WSHE Presents Adam Sewell

Adam has been riding horses for almost 50 years, since age 4, competing in eventing, show jumping and more in Europe. He became involved in horse archery about 4 years ago as a natural progression to being a professional stuntman and wanting to simply do more on horseback than just riding. Adam owns Bay Area Horse Archers, based in Gilroy, California, and teaches clinics, small groups and private classes. He also works as a stuntman and fitness instructor around the Bay Area. Adam competes around the US and also internationally on a regular basis.
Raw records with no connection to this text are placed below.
theorem proposition2p5:
  fixes G :: "('a, 'b) monoid_scheme" and \<nu> :: "'a \<Rightarrow> real" and H :: "'a set"
    and \<psi> :: "('a \<times> real) list \<Rightarrow> real"
  assumes "group G"
    and "conj_pseudo_norm G \<nu>"
    and "FM G H"
    and "\<psi> \<in> L_Gnu G \<nu>"
  defines "\<phi> \<equiv> (\<lambda>g. \<psi> [(g, 1)])"
  shows "H_quasimorphism G H \<phi> \<and> homogeneous G \<phi> \<and>
         qm_defect G H \<phi> \<le> 8 * lip_const G \<nu> \<psi> * E_Hnu G H \<nu> H"
proof -
  interpret FM_lipschitz_functional G \<nu> \<psi> H
    using assms by (simp add: FM_lipschitz_functional_def lipschitz_functional_def
        FM_lipschitz_functional_axioms_def lipschitz_functional_axioms_def)
  show ?thesis
    unfolding \<phi>_def using \<phi>_H_quasimorphism \<phi>_homogeneous \<phi>_qm_defect_le by blast
qed

end
lemma overlattice_diff:
  assumes "x \<in> overlattice" "y \<in> overlattice"
  shows "(\<lambda>i. x i - y i) \<in> overlattice"
proof -
  obtain a b l a' b' l' where
      u: "plane_vec a b \<in> dual_lat n G" and l: "l \<in> lat n" and x: "x = (\<lambda>i. plane_vec a b i + l i)"
    and u': "plane_vec a' b' \<in> dual_lat n G" and l': "l' \<in> lat n" and y: "y = (\<lambda>i. plane_vec a' b' i + l' i)"
    using assms unfolding overlattice_def by blast
  have "plane_vec (a - a') (b - b') \<in> dual_lat n G"
    using dual_lat_diff[OF u u'] by (simp add: plane_vec_diff)
  moreover have "(\<lambda>i. x i - y i) = (\<lambda>i. plane_vec (a - a') (b - b') i + (l i - l' i))"
    unfolding x y plane_vec_diff[symmetric] by (auto simp: algebra_simps)
  ultimately show ?thesis
    unfolding overlattice_def using lat_diff[OF l l'] by fast
qed

lemma overlattice_norm_even:
  assumes "x \<in> overlattice"
  shows "\<exists>k::int. bilL n G x x = 2 * of_int k"
proof -
  obtain a b l where u: "plane_vec a b \<in> dual_lat n G" and l: "l \<in> lat n"
    and x: "x = (\<lambda>i. plane_vec a b i + l i)"
    using assms unfolding overlattice_def by blast
  obtain t where t: "bilL n G (plane_vec a b) l = of_int t"
    using u l Ints_cases unfolding dual_lat_def by blast
  obtain k where k: "bilL n G l l = 2 * of_int k"
    using bilL_self_even[OF l gram_sym gram_even] by blast
  have "bilL n G x x = 2 * of_int (t + k)"
    unfolding x bilL_add_left bilL_add_right
    using plane_vec_isotropic t k bilL_commute[OF gram_sym, of l "plane_vec a b"] by simp
  then show ?thesis by blast
qed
  • Horse archery in its modern form has been an international sport since the 1980s. It is the fastest growing equestrian sport in the world.
  • Two main associations run the sport. Internationally, IHAA (International Horse Archery Alliance), and in America, MA3 (Mounted Archery Association of the Americas). They govern the rules, safety and competitions around the world. Rules are based on international eventing rules as seen in cross country, show jumping and dressage.
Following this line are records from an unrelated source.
theorem lemma1:
  fixes d N p :: nat
  assumes "d \<ge> 1" and "N \<ge> 1" and "p \<ge> 1"
  defines "M \<equiv> rand_points d N"
    and "m \<equiv> p * d * N"
    and "U \<equiv> (\<lambda>\<omega>. word_of_points p d N \<omega>)"
  shows "(AE \<omega> in M. \<forall>k<N. \<forall>i<d. word_to_points p d (U \<omega>) k i = trunc_p p (\<omega> k i))
       \<and> distr M (uniform_count_measure {w :: bool list. length w = m}) U
           = uniform_count_measure {w :: bool list. length w = m}
       \<and> (AE \<omega> in M. \<bar>star_disc d N \<omega> - star_disc d N (word_to_points p d (U \<omega>))\<bar> \<le> real d / 2 ^ p)
       \<and> (\<forall>C > 0. measure M {\<omega> \<in> space M. star_disc d N (word_to_points p d (U \<omega>)) \<ge> C * sqrt (real d / real N)}
                 \<le> measure M {\<omega> \<in> space M. star_disc d N \<omega> \<ge> C * sqrt (real d / real N) - real d / 2 ^ p})"
proof -
  interpret prob_space M
    unfolding M_def by (rule prob_space_rand_points)
  have [measurable]: "star_disc d N \<in> borel_measurable M"
    using borel_measurable_star_disc[of N d "\<lambda>\<omega>. \<omega>"] by (simp add: M_def)
  have unit: "AE \<omega> in M. \<forall>k<N. \<forall>i<d. 0 \<le> \<omega> k i \<and> \<omega> k i < 1"
    unfolding M_def by (rule AE_rand_points_unit_interval)
  then have "AE \<omega> in M. \<forall>k<N. \<forall>i<d. word_to_points p d (U \<omega>) k i = trunc_p p (\<omega> k i)"
    by eventually_elim (simp add: U_def word_to_points_word_of_points)
  moreover have close: "AE \<omega> in M. \<bar>star_disc d N \<omega> - star_disc d N (word_to_points p d (U \<omega>))\<bar> \<le> real d / 2 ^ p"
    using unit by eventually_elim (simp add: U_def star_disc_word_of_points_close)
  moreover have "measure M {\<omega> \<in> space M. star_disc d N (word_to_points p d (U \<omega>)) \<ge> c}
      \<le> measure M {\<omega> \<in> space M. star_disc d N \<omega> \<ge> c - real d / 2 ^ p}" for c
    by (rule finite_measure_mono_AE) (use close in \<open>auto elim: eventually_mono\<close>)
  ultimately show ?thesis
    unfolding M_def m_def U_def by (simp add: distr_rand_points_word_of_points)
qed

end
  • Riders compete in eventing style competitions. Speed shooting, slow riding on the 90 meter Tower track. Slower shooting, faster riding in the 90 meter Raid track. Cross country riding and varied shooting in the Hunt event. Postal competitions and arena competitions also take place regularly. Riders compete in their own arenas against other riders all around the world in postal competitions. They can also compete in walk, trot, or canter divisions. Target distances vary from directly below (Jarmaki targets) or 7 meters above (Qabaq targets) the horse to 55 meters away.
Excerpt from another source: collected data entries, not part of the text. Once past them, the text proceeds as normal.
text \<open>The substitution u = c + (y - c) s^2 maps [0, 1] onto [c, y] and absorbs the square-root
  singularity at c; the factors 1 - u, 1 + u, a - u, b - u become constant multiples of
  1 - x_i s^2, where x_1, ..., x_4 are exactly the arguments of the Lauricella functions. The
  integral thus becomes the integral over [0, 1] of (A - B s^2) prod_i (1 - x_i s^2)^(-b_i).
  Expanding each factor as a binomial series gives a multiple power series in s^2 that converges
  absolutely and uniformly on [0, 1], so it may be integrated termwise. Since the integral of
  s^(2k + 2N) over [0, 1] is 1 / (2k + 2N + 1) = (k + 1/2)_N / ((2k + 1) (k + 3/2)_N), the terms
  carrying an extra factor s^(2k) sum to F_D(k + 1/2; b; k + 3/2; x) / (2k + 1); the cases
  k = 0 and k = 1 give X and Y / 3.\<close>

definition binomial_series_term :: "real \<Rightarrow> real \<Rightarrow> nat \<Rightarrow> real" where
  "binomial_series_term b x n = pochhammer b n / fact n * x ^ n"

lemma binomial_series_term_scale:
  "binomial_series_term b (x * t) n = binomial_series_term b x n * t ^ n"
  by (simp add: binomial_series_term_def power_mult_distrib)

lemma sums_binomial_series:
  assumes "\<bar>x\<bar> < 1"
  shows "binomial_series_term b x sums (1 - x) powr (- b)"
proof -
  have "(\<lambda>n. ((- b) gchoose n) * (- x) ^ n) sums (1 + (- x)) powr (- b)"
    using gen_binomial_real[of "- x" "- b"] assms by simp
  moreover have "((- b) gchoose n) * (- x) ^ n = binomial_series_term b x n" for n
    unfolding binomial_series_term_def gbinomial_pochhammer
    by (simp add: power_mult_distrib[symmetric] flip: power_minus)
  ultimately show ?thesis by simp
qed

lemma abs_summable_binomial_series:
  assumes "\<bar>x\<bar> < 1" "b > 0"
  shows "(\<lambda>n. norm (binomial_series_term b x n)) summable_on UNIV"
proof -
  have "norm (binomial_series_term b x n) = binomial_series_term b \<bar>x\<bar> n" for n
    using assms(2) by (simp add: binomial_series_term_def abs_mult power_abs pochhammer_nonneg)
  moreover have "binomial_series_term b \<bar>x\<bar> summable_on UNIV"
  proof (rule summable_nonneg_imp_summable_on)
    show "summable (binomial_series_term b \<bar>x\<bar>)"
      using sums_binomial_series[of "\<bar>x\<bar>" b] assms(1) by (simp add: sums_summable)
  qed (use assms(2) in \<open>simp add: binomial_series_term_def pochhammer_nonneg\<close>)
  ultimately show ?thesis by simp
qed

lemma has_sum_binomial_series:
  assumes "\<bar>x\<bar> < 1" "b > 0"
  shows "(binomial_series_term b x has_sum (1 - x) powr (- b)) UNIV"
proof -
  have "binomial_series_term b x summable_on UNIV"
    using abs_summable_binomial_series[OF assms] by (rule abs_summable_summable)
  then have "(binomial_series_term b x has_sum infsum (binomial_series_term b x) UNIV) UNIV"
    by simp
  moreover from this have "binomial_series_term b x sums infsum (binomial_series_term b x) UNIV"
    by (rule has_sum_imp_sums)
  ultimately show ?thesis
    using sums_binomial_series[OF assms(1)] sums_unique2 by metis
qed

lemma bij_betw_restrict_finite_support:
  "bij_betw (\<lambda>m. restrict m {..<n}) {m :: nat \<Rightarrow> 'a :: zero. \<forall>i\<ge>n. m i = 0}
     (PiE {..<n} (\<lambda>_. UNIV))"
proof (rule bij_betwI')
  fix m m' :: "nat \<Rightarrow> 'a" assume "m \<in> {m. \<forall>i\<ge>n. m i = 0}" "m' \<in> {m. \<forall>i\<ge>n. m i = 0}"
  then show "(restrict m {..<n} = restrict m' {..<n}) = (m = m')"
    by (auto simp: fun_eq_iff restrict_def) (metis not_le)
next
  fix p :: "nat \<Rightarrow> 'a" assume p: "p \<in> PiE {..<n} (\<lambda>_. UNIV)"
  show "\<exists>m\<in>{m. \<forall>i\<ge>n. m i = 0}. p = restrict m {..<n}"
    by (rule bexI[of _ "\<lambda>i. if i < n then p i else 0"])
       (use p in \<open>auto simp: fun_eq_iff PiE_def extensional_def\<close>)
qed auto

lemma abs_summable_prod_finite_support:
  fixes f :: "nat \<Rightarrow> nat \<Rightarrow> real"
  assumes "\<And>i. i < n \<Longrightarrow> (\<lambda>k. norm (f i k)) summable_on UNIV"
  shows "(\<lambda>m. norm (\<Prod>i<n. f i (m i))) summable_on {m. \<forall>i\<ge>n. m i = 0}"
proof -
  have "Infinite_Set_Sum.abs_summable_on (\<lambda>g. \<Prod>i<n. f i (g i)) (PiE {..<n} (\<lambda>_. UNIV))"
    by (rule abs_summable_on_prod_PiE) (auto intro!: abs_summable_equivalent[THEN iffD1] assms)
  then have "(\<lambda>g. norm (\<Prod>i<n. f i (g i))) summable_on PiE {..<n} (\<lambda>_. UNIV)"
    by (rule abs_summable_equivalent[THEN iffD2])
  then have "(\<lambda>m. norm (\<Prod>i<n. f i (restrict m {..<n} i))) summable_on {m. \<forall>i\<ge>n. m i = 0}"
    by (rule summable_on_reindex_bij_betw[OF bij_betw_restrict_finite_support, THEN iffD2])
  then show ?thesis by simp
qed

lemma has_sum_prod_finite_support:
  fixes f :: "nat \<Rightarrow> nat \<Rightarrow> real"
  assumes sums: "\<And>i. i < n \<Longrightarrow> (f i has_sum S i) UNIV"
    and abs_summable: "\<And>i. i < n \<Longrightarrow> (\<lambda>k. norm (f i k)) summable_on UNIV"
  shows "((\<lambda>m. \<Prod>i<n. f i (m i)) has_sum (\<Prod>i<n. S i)) {m. \<forall>i\<ge>n. m i = 0}"
proof -
  let ?M = "{m :: nat \<Rightarrow> nat. \<forall>i\<ge>n. m i = 0}"
  have "(\<Sum>\<^sub>\<infinity>m\<in>?M. \<Prod>i<n. f i (m i)) = (\<Sum>\<^sub>\<infinity>m\<in>?M. \<Prod>i<n. f i (restrict m {..<n} i))"
    by (intro infsum_cong prod.cong) auto
  also have "\<dots> = (\<Sum>\<^sub>\<infinity>g\<in>PiE {..<n} (\<lambda>_. UNIV). \<Prod>i<n. f i (g i))"
    by (rule infsum_reindex_bij_betw[OF bij_betw_restrict_finite_support])
  also have "\<dots> = (\<Prod>i<n. infsum (f i) UNIV)"
    by (rule infsum_prod_PiE_abs) (use abs_summable in auto)
  also have "\<dots> = (\<Prod>i<n. S i)"
    using sums by (intro prod.cong) (auto intro: infsumI)
  finally have sum_eq: "(\<Sum>\<^sub>\<infinity>m\<in>?M. \<Prod>i<n. f i (m i)) = (\<Prod>i<n. S i)" .
  have "(\<lambda>m. \<Prod>i<n. f i (m i)) summable_on ?M"
    by (rule abs_summable_summable[OF abs_summable_prod_finite_support[OF abs_summable]])
  from has_sum_infsum[OF this] show ?thesis
    unfolding sum_eq .
qed

lemma has_integral_has_sum_termwise:
  fixes f :: "'a \<Rightarrow> real \<Rightarrow> real"
  assumes cont: "\<And>m. m \<in> M \<Longrightarrow> continuous_on {a..b} (f m)"
    and integral: "\<And>m. m \<in> M \<Longrightarrow> (f m has_integral v m) {a..b}"
    and bound: "\<And>m s. m \<in> M \<Longrightarrow> s \<in> {a..b} \<Longrightarrow> \<bar>f m s\<bar> \<le> B m"
    and B: "B summable_on M"
    and series: "\<And>s. s \<in> {a..b} \<Longrightarrow> ((\<lambda>m. f m s) has_sum F s) M"
  obtains J where "(F has_integral J) {a..b}" and "(v has_sum J) M"
proof -
  define G where "G X s = (\<Sum>m\<in>X \<inter> M. f m s)" for X s
  have subsets: "\<forall>\<^sub>F X in finite_subsets_at_top M. finite X \<and> X \<subseteq> M"
    by (rule eventually_finite_subsets_at_top_weakI) auto
  have "uniform_limit {a..b} (\<lambda>X s. \<Sum>m\<in>X. f m s) F (finite_subsets_at_top M)"
    by (rule Weierstrass_m_test_general') (use bound series B in auto)
  also have "?this \<longleftrightarrow> uniform_limit {a..b} G F (finite_subsets_at_top M)"
    by (intro uniform_limit_cong refl)
       (use subsets in \<open>eventually_elim, auto simp: G_def Int_absorb2\<close>)
  finally have G_lim: "uniform_limit {a..b} G F (finite_subsets_at_top M)" .
  have G_cont: "continuous_on {a..b} (G X)" for X
    unfolding G_def using cont by (intro continuous_on_sum) auto
  obtain I J where I: "\<And>X. (G X has_integral I X) {a..b}"
    and J: "(F has_integral J) {a..b}" and lim: "(I \<longlongrightarrow> J) (finite_subsets_at_top M)"
    using uniform_limit_integral[OF G_lim G_cont finite_subsets_at_top_neq_bot] by blast
  have "\<forall>\<^sub>F X in finite_subsets_at_top M. I X = sum v X"
    using subsets
  proof eventually_elim
    case (elim X)
    then have "G X = (\<lambda>s. \<Sum>m\<in>X. f m s)"
      by (auto simp: G_def Int_absorb2)
    moreover have "((\<lambda>s. \<Sum>m\<in>X. f m s) has_integral sum v X) {a..b}"
      using elim integral by (intro has_integral_sum) auto
    ultimately have "(G X has_integral sum v X) {a..b}"
      by simp
    then show ?case using I has_integral_unique by blast
  qed
  with lim have "(v has_sum J) M"
    unfolding has_sum_def using tendsto_cong by blast
  with J show ?thesis by (rule that)
qed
  • Riders must use Asiatic style recurve horse bows, no Olympic recurves or compound bows allowed.
  • Riders of any age can compete. Horses of any breed can be used and are inspected at the beginning of a competition for lameness.
  • Bay Area Horse Archers was started by Adam Sewell and Ariel Conrad, international competitors who wanted to bring it to the South Bay. Other clubs exist all around the US.
  • Lessons can be private or small group and include learning to shoot on the ground first, then learning specific horse archery riding techniques. Showing on horseback differs from classical archery. Practitioners learn to nock blind and speed shoot in 3 different shooting techniques, Mediterranean, Persian and Thumb Draw.